## RECORDED DATA
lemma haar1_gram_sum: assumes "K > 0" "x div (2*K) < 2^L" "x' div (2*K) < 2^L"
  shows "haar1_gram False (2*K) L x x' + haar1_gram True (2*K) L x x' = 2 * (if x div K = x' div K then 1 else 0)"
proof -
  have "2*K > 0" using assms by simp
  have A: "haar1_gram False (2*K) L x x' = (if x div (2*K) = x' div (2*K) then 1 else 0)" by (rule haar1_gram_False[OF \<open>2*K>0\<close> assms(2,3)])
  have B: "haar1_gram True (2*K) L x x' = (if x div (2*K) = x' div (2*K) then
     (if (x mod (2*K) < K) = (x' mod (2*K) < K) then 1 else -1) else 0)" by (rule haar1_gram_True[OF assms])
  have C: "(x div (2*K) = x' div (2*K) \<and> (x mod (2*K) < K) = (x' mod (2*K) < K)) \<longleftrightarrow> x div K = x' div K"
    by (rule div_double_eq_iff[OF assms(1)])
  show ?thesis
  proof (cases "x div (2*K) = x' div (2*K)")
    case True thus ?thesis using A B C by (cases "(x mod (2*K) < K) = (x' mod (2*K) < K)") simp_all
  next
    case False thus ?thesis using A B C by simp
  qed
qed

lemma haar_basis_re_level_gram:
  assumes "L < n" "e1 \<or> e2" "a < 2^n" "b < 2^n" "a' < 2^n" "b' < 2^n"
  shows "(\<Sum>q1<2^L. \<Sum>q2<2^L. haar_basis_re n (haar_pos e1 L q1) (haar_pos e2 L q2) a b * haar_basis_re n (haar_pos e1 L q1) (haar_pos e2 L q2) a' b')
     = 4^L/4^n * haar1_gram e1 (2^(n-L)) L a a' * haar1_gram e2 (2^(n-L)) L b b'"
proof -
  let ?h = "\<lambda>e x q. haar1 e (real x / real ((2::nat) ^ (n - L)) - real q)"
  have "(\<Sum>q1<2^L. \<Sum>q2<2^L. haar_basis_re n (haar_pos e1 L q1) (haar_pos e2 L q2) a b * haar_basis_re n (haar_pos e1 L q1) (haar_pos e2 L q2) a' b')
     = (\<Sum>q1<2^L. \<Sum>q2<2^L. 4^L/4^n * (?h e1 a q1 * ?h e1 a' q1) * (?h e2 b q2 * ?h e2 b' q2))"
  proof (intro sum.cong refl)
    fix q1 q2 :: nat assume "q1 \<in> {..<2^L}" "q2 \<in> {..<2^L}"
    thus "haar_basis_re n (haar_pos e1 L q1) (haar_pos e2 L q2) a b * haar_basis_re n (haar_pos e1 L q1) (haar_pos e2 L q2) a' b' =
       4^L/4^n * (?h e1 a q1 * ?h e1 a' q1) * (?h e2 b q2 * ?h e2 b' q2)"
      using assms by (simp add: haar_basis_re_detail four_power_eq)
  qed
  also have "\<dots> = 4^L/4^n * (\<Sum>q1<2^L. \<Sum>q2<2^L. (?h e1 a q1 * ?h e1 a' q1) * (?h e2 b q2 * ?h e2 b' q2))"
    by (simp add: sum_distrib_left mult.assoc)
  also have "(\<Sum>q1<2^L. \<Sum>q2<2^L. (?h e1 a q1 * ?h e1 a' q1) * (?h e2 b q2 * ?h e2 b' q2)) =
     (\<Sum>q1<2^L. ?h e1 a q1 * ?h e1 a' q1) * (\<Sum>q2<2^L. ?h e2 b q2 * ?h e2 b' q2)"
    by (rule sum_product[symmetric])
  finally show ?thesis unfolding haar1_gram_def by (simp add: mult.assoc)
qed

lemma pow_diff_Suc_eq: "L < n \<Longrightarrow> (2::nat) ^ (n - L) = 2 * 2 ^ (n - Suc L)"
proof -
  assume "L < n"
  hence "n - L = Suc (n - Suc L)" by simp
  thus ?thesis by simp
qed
---
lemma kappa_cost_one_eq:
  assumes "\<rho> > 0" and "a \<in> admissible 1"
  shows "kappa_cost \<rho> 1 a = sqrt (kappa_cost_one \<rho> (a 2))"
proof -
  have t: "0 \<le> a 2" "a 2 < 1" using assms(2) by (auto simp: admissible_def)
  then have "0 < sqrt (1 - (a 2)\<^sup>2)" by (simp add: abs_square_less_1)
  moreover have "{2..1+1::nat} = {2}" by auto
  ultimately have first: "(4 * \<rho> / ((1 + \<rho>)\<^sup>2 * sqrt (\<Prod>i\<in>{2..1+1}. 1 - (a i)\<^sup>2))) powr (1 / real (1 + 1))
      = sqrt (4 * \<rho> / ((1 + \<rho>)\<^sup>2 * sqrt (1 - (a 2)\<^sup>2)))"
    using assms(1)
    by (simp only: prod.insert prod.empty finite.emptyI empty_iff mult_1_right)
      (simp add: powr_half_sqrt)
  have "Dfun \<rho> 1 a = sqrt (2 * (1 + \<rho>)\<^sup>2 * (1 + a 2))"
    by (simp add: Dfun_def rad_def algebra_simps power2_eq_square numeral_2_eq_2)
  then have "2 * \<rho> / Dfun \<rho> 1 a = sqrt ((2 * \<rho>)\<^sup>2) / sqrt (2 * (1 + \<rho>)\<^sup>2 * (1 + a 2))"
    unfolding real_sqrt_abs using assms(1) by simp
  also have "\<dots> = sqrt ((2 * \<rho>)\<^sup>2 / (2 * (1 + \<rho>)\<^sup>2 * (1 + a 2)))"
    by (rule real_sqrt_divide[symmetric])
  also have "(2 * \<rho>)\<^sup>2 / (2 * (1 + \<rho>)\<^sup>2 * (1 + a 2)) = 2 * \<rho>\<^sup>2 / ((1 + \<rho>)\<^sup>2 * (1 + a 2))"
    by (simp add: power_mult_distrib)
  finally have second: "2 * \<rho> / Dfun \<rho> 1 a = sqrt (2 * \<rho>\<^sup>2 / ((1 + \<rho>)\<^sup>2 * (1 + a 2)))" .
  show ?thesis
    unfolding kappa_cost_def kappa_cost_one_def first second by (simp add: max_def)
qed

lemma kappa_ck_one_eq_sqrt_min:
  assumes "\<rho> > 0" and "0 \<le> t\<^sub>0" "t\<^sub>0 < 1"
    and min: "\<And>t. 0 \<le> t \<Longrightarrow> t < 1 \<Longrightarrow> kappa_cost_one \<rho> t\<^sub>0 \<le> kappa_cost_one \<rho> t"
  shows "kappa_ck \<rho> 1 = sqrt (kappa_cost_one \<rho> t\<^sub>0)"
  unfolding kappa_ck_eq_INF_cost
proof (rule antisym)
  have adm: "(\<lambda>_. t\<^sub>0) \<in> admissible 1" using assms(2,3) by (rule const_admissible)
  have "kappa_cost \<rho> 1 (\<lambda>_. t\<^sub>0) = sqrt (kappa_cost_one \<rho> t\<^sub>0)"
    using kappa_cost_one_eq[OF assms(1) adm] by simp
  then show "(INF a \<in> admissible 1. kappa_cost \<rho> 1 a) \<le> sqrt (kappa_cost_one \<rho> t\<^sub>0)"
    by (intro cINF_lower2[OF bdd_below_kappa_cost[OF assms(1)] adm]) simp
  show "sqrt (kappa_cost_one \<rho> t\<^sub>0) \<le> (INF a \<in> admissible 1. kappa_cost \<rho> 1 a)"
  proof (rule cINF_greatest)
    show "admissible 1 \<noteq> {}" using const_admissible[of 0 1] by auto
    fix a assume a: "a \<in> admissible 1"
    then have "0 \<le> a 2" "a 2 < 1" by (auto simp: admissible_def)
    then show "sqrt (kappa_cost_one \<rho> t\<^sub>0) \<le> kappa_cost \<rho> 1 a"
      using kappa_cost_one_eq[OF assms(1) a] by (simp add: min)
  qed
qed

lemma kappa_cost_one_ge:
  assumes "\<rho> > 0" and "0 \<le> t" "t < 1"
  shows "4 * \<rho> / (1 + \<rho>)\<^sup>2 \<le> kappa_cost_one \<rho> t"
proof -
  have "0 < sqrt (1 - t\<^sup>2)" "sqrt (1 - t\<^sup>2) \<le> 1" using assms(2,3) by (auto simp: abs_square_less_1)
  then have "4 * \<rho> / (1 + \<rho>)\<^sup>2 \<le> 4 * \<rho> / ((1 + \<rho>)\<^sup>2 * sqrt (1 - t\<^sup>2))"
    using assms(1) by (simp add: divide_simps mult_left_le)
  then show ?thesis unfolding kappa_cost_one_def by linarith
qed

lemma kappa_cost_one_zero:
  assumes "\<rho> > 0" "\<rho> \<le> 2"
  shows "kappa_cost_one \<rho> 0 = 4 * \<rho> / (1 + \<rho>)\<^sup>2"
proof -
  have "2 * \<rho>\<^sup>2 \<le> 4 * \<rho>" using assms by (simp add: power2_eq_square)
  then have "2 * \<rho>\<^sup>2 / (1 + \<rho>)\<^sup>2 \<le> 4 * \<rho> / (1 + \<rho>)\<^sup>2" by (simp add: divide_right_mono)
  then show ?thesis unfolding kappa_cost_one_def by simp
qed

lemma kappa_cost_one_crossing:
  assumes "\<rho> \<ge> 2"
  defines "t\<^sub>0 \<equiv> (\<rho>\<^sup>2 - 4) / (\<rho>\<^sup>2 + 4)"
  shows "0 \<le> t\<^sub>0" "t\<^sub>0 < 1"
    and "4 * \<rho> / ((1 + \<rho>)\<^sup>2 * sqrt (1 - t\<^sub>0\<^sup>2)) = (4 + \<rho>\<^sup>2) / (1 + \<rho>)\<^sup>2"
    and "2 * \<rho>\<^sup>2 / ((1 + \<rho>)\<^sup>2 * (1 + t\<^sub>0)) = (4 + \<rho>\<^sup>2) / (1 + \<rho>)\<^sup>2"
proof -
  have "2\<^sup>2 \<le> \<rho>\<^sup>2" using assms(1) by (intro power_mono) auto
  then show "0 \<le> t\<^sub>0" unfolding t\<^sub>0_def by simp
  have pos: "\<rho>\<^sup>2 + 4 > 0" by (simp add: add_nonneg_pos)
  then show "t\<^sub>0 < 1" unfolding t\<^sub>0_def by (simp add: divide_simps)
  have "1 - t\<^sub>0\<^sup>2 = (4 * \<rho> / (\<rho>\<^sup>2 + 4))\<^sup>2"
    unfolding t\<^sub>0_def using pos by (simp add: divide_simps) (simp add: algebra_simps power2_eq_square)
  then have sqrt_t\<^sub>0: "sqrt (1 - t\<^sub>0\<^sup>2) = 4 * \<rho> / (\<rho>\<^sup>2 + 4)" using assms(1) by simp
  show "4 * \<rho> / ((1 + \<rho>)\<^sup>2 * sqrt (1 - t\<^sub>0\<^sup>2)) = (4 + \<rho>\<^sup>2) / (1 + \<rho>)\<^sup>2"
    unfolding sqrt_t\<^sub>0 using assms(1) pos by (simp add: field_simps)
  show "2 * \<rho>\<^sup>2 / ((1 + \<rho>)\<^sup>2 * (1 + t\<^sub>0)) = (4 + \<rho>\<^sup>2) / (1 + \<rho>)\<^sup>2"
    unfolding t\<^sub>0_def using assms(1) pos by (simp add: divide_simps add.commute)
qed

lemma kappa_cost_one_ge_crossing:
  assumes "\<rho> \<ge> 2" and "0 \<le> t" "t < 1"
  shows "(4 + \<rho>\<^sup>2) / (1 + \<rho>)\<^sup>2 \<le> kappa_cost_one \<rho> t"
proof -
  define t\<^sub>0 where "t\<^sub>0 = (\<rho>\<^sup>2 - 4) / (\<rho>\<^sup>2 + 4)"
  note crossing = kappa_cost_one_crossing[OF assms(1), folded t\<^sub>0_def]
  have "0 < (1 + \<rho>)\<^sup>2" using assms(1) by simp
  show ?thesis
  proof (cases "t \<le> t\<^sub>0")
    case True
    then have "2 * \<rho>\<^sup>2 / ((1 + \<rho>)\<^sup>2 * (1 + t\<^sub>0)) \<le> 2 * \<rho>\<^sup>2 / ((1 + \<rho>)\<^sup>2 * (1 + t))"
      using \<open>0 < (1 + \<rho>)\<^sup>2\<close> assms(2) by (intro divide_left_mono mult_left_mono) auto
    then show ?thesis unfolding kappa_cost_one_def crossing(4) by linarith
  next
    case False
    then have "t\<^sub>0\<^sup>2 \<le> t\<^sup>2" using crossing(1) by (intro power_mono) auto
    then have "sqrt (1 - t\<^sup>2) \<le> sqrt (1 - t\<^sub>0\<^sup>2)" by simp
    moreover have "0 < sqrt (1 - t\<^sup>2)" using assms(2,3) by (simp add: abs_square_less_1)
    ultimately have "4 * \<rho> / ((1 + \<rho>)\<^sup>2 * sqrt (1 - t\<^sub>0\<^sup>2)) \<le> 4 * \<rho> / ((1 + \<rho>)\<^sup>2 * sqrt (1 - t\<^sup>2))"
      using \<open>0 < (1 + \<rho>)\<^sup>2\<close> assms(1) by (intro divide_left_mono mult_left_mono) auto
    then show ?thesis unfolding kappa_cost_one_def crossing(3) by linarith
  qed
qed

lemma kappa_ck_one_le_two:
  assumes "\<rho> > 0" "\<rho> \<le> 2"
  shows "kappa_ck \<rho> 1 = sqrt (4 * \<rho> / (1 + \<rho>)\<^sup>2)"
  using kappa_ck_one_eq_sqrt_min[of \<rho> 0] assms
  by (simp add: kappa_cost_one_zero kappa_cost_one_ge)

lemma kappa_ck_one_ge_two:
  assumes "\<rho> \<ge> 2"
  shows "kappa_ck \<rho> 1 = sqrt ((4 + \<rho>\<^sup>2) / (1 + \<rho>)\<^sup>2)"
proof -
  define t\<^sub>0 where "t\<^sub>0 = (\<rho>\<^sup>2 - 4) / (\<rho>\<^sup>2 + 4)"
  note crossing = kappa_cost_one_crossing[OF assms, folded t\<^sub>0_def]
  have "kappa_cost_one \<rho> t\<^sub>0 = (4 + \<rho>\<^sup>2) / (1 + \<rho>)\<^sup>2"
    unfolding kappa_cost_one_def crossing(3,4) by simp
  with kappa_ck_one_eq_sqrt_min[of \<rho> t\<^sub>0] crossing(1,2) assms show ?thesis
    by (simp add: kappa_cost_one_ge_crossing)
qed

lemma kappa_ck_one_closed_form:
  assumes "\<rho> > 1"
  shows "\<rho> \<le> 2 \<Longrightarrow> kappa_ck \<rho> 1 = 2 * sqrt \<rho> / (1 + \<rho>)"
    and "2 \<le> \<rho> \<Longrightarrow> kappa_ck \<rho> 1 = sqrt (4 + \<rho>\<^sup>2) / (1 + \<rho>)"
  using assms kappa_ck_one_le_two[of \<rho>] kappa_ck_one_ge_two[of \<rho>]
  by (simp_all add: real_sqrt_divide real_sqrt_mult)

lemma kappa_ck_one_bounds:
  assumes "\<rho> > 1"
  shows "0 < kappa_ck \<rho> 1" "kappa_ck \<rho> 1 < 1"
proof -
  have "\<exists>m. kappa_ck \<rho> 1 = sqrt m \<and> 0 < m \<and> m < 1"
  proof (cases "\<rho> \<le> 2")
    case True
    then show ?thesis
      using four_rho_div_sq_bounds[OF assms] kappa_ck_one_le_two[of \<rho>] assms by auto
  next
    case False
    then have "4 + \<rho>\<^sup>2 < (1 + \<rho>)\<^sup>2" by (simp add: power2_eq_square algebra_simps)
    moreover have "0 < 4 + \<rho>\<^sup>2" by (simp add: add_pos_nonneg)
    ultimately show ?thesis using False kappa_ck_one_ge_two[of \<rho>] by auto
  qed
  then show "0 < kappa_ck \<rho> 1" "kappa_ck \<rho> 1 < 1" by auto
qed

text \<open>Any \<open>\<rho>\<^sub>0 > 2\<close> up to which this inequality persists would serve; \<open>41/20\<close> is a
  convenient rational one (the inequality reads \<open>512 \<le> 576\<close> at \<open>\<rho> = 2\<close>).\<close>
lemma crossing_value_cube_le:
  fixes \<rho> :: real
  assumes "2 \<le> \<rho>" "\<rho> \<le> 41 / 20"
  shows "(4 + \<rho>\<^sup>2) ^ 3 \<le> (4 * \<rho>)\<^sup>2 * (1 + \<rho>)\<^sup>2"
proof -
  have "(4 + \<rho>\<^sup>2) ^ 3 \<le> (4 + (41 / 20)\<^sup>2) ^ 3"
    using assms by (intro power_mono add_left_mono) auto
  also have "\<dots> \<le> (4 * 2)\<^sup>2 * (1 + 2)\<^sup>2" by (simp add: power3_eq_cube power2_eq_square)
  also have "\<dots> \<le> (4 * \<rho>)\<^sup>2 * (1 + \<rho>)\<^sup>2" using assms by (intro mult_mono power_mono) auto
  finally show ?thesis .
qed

## AIM OF THE EXERCISE
Retype the records above, but only those lines that fall between the line containing "0 = 4 * \<rho>" and the line containing "(simp add: add_nonneg_pos)", with both of those lines included, exactly as written.

## TASK OUTPUT
  shows "kappa_cost_one \<rho> 0 = 4 * \<rho> / (1 + \<rho>)\<^sup>2"
proof -
  have "2 * \<rho>\<^sup>2 \<le> 4 * \<rho>" using assms by (simp add: power2_eq_square)
  then have "2 * \<rho>\<^sup>2 / (1 + \<rho>)\<^sup>2 \<le> 4 * \<rho> / (1 + \<rho>)\<^sup>2" by (simp add: divide_right_mono)
  then show ?thesis unfolding kappa_cost_one_def by simp
qed

lemma kappa_cost_one_crossing:
  assumes "\<rho> \<ge> 2"
  defines "t\<^sub>0 \<equiv> (\<rho>\<^sup>2 - 4) / (\<rho>\<^sup>2 + 4)"
  shows "0 \<le> t\<^sub>0" "t\<^sub>0 < 1"
    and "4 * \<rho> / ((1 + \<rho>)\<^sup>2 * sqrt (1 - t\<^sub>0\<^sup>2)) = (4 + \<rho>\<^sup>2) / (1 + \<rho>)\<^sup>2"
    and "2 * \<rho>\<^sup>2 / ((1 + \<rho>)\<^sup>2 * (1 + t\<^sub>0)) = (4 + \<rho>\<^sup>2) / (1 + \<rho>)\<^sup>2"
proof -
  have "2\<^sup>2 \<le> \<rho>\<^sup>2" using assms(1) by (intro power_mono) auto
  then show "0 \<le> t\<^sub>0" unfolding t\<^sub>0_def by simp
  have pos: "\<rho>\<^sup>2 + 4 > 0" by (simp add: add_nonneg_pos)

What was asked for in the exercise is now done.